Knowing what we are compressing might help — but then, our algorithm would be specific for a certain kind of data; e.g., for an image where the encoder knows width and height, and how the in-memory pixels layout is.
Decoding (decompressing)
The decoder (decompressor) is easier. This is a nice to have property in general, because usually we care (a little bit) less about the time and computing power needed to compress the file, while we want the decompressing stage to be as fast as possible.
The decoder will look very much like an interpreter which executes instructions. Here we have two instructions: copy the next N bytes verbatim, and repeat the next bytes N-times.
Examples
A simple RLE compressor can be written as a filter reading bytes one at a time from stdin and emitting bytes to stdout. In this design, we do not have a checksum, nor the length of the original stream — which we do not know in advance! — and a header either.
This means that it is our duty to check if everything’s OK. We can give our decoder even a file which wasn’t encoded by the encoder — the output will be garbage, or the decoder will fail at the end of the stream (if the stream does not end correctly).
The RLE decompressor can be designed as a filter consuming bytes from the stdin and producing bytes to the stdout. Of course it is not an universal RLE decompressor! It understands correctly only a stream produced by our encoder.
Let’s see few examples.
The following is the unfortunate case when the compressed stream is twice as big as the original stream: it is 100% bigger (1 + 1 = 2…)

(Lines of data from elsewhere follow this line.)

(* Let $K_1,\dots,K_m\subset\mathbb{R}^n$ be closed sets, each having the SOSH property at $\bar x\in K:=\bigcap_{l=1}^mK_l$, and suppose $\{K_l\}_{l=1}^m$ has linearly regular intersection at $\bar x$. Then $K$ has the SOSH property at $\bar x$.
   Context: For a closed set $C\subset\mathbb{R}^n$ and $\bar x\in C$, the regular normal cone is $\hat N_C(\bar x)=\{y:\langle y,x-\bar x\rangle\le o(\|x-\bar x\|)\text{ for all }x\in C\}$ and the limiting normal cone $N_C(\bar x)$ is the set of $y$ for which there exist $x_i\to\bar x$ with $x_i\in C$ and $y_i\in\hat N_C(x_i)$ with $y_i\to y$. A closed set $C$ has the SOSH property at $\bar x\in C$ if there exist $\delta>0$, $M>0$ such that $\langle v,x-\bar x\rangle\le M\|\bar x-x\|^2$ for all $x\in(\mathbb{B}(\bar x,\delta)\cap C)\setminus\{\bar x\}$ and all $v\in N_C(x)$ with $\|v\|=1$. Closed sets $K_1,\dots,K_m$ have linearly regular intersection at $x\in\bigcap_lK_l$ if $\sum_l v_l=0$ with $v_l\in N_{K_l}(x)$ implies $v_l=0$ for all $l$. *)

theory Defs
  imports "HOL-Analysis.Analysis"
begin

definition regular_normal_cone :: "'a::euclidean_space set \<Rightarrow> 'a \<Rightarrow> 'a set" where
  "regular_normal_cone C xb = {y. xb \<in> C \<and>
     (\<forall>e>0. \<exists>d>0. \<forall>x\<in>C. norm (x - xb) < d \<longrightarrow> inner y (x - xb) \<le> e * norm (x - xb))}"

$ echo -n "a" |./rle_encode |hexdump -C
1 -> 2 (-100.00%)
00000000 01 61 |..|
The following is when compressed and original streams have the same length.
$ echo -n "aa" |./rle_encode |hexdump -C
2 -> 2 (0.00%)
00000000 82 61 |.a|
The following is a very fortunate case:
$ perl -e 'print "x"x128 . "y"x128' |./rle_encode |hexdump -C
256 -> 4 (98.44%)
00000000 80 78 80 79 |.x.y|
When we have long sequences, the overhead of the encoding isn’t terrible, but anywhere it’s there!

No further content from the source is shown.